A Estrada Para Oxiana
SINOPSE
Em 1933, Robert Byron partiu com a sua excêntrica personalidade numa viagem pelo Médio Oriente, passando por Beirute, Jerusalém, Bagdade e Teerão, tendo por destino final Oxiana — a região do rio Oxus, antigo nome do Amudária, que servia de fronteira entre o Afeganistão e a União Soviética. A chegada ao seu destino, a lendária Torre de Qabus, embora uma maravilha por si só, é muito menos extraordinária do que o registo profundamente cativante, e por vezes cómico, das suas aventuras. Para além da diversão que proporciona, este livro oferece um raro testemunho dos tesouros arquitectónicos de uma região actualmente inacessível para a maioria dos viajantes ocidentais.
CRÍTICAS DE IMPRENSA
«Uma obra-prima.»
Bruce Chatwin
«Expressão brilhante da uma sensibilidade
profundamente moderna, o retrato de um
"homem acidental" à deriva entre fronteiras.»
Jonathan Raban, New York Review of Books
«Como Ulisses está para o romance do período
entre guerras e A Terra Devastada para a poesia,
assim se distingue A Estrada para Oxiana na
literatura de viagens.»
Paul Fussell
«Robert Byron foi o melhor escritor de
literatura de viagens da sua geração. Espirituoso,
volátil, combativo, instruído, o clássico
A Estrada para Oxiana conjuga erudição e
capacidade descritiva.»
Colin Thubron, Guardian
DETALHES
| Propriedade | Descrição |
|---|---|
| ISBN: | 9789896712334 |
| Editor: | Tinta da China |
| Data de Lançamento: | outubro de 2014 |
| Idioma: | Português |
| Dimensões: | 145 x 199 x 33 mm |
| Encadernação: | Capa dura |
| Páginas: | 416 |
| Tipo de produto: | Livro |
| Classificação Temática: |
Livros em Português
>
Literatura
>
Literatura de Viagem
|
| EAN: | 9789896712334 |
OPINIÃO DOS LEITORES
Para quem gosta de viajar
JM
Este era um dos livros que acompanhava sempre Bruce Chatwin para onde quer que fosse, dai a minha curiosidade na sua leitura.

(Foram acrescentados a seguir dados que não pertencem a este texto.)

lemma rb_set_eq_quadrant_Int_cball:
  assumes "0 \<le> c"
  shows "rb_set y c = {x. nonneg2 x} \<inter> cball y (sqrt (c + sqdist2 (quadrant_proj y) y))"
proof -
  have "0 \<le> c + sqdist2 (quadrant_proj y) y"
    using assms by (simp add: sqdist2_def)
  then show ?thesis
    unfolding rb_set_eq by (auto simp: dist_eq_sqrt_sqdist2 sqdist2_commute)
qed

lemma compact_connected_mem_iff:
  fixes T :: "real set"
  assumes "compact T" "connected T" "T \<noteq> {}"
  shows "c \<in> T \<longleftrightarrow> Inf T \<le> c \<and> c \<le> Sup T"
proof -
  obtain l u where T: "T = {l..u}"
    using assms(1,2) connected_compact_interval_1 by blast
  with assms(3) show ?thesis by auto
qed

lemma rb_covers_diag_iff:
  assumes "0 \<le> c"
  shows "rb_covers y c (a, a) \<longleftrightarrow> lam0 y \<le> c"
proof -
  let ?S = "rb_set y c"
  have "compact ?S"
    unfolding rb_set_eq_quadrant_Int_cball[OF assms] quadrant_eq_Times
    by (intro closed_Int_compact closed_Times compact_cball closed_atLeast)
  moreover have "convex ?S"
    unfolding rb_set_eq_quadrant_Int_cball[OF assms] quadrant_eq_Times
    by (intro convex_Int convex_Times convex_cball convex_real_interval)
  moreover have "quadrant_proj y \<in> ?S"
    using assms nonneg2_quadrant_proj by (simp add: rb_set_eq)
  moreover have "continuous_on ?S hfun"
    unfolding hfun_def by (intro continuous_intros)
  ultimately have "compact (hfun ` ?S)" "connected (hfun ` ?S)" "hfun ` ?S \<noteq> {}"
    by (auto intro: compact_continuous_image connected_continuous_image convex_connected)
  then have "rb_covers y c (a, a) \<longleftrightarrow> 0 \<in> hfun ` ?S"
    unfolding rb_covers_def by (simp add: compact_connected_mem_iff hfun_def)
  also have "\<dots> \<longleftrightarrow> diag_ray_proj y \<in> ?S"
  proof
    assume "0 \<in> hfun ` ?S"
    then obtain x where "x \<in> ?S" "fst x = snd x"
      by (auto simp: hfun_def)
    then show "diag_ray_proj y \<in> ?S"
      using sqdist2_diag_ray_proj_le[of x y] nonneg2_diag_ray_proj by (auto simp: rb_set_eq)
  next
    assume "diag_ray_proj y \<in> ?S"
    moreover have "hfun (diag_ray_proj y) = 0"
      by (simp add: hfun_def diag_ray_proj_def)
    ultimately show "0 \<in> hfun ` ?S"
      by (metis image_eqI)
  qed
  also have "\<dots> \<longleftrightarrow> lam0 y \<le> c"
    by (auto simp: rb_set_eq lam0_eq_proj nonneg2_diag_ray_proj)
  finally show ?thesis .
qed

Não fiquei desapontado, no final fica a sensação da enorme aventura aqui contada, das viagens e peripécias inerentes a quem se desloca naquela parte do mundo. Dados problemas que hoje a região enfrenta, a mesma torna-se impossível, mais importante se torna a leitura deste livro. Boa companhia de verão para todos.
a magia da viagem
nunes
Robert Byron tinha 28 anos quando deixou Veneza na companhia do seu amigo Christopher Sykes no rasto da torre funerária de Gonbad-e-Qabus, no nordeste da Pérsia. estava assim iniciada a viagem que mais tarde viria a ser transformada em livro, e esse livro de viagem transformado num ícone da literatura de viagem. Robert Byron ao longo desta viagem vai conhecendo o povo local, a Arquitetura, os políticos, religiosos e embaixadores. as suas descrições sobre a arquitetura dos edifícios são das melhores jamais escritas até hoje, pois os seus conhecimentos eram imensos, e o seu tom poético ao descrevê-las passou-as para a posteridade numa linguagem simples e direta. a viagem fez-se com avanços e recuos, devido a condições climatéricas ou contratempos de nível político e territorial, que Robert resolvia com os seus conhecimentos. neste livro existem descrições sobre arquitetura, o modo de vida nas aldeis e, aqui a descrição raia a Antropologia com grande sensibilidade no trato e na descrição. é um livro de viagem que nos dá um retrato descritivo do modo de vida das pessoas e da arquitetura dos seus lugares com muito ímpeto e simplicidade. é um livro que mostra o estado de espirito do que é ser um Grande Viajante.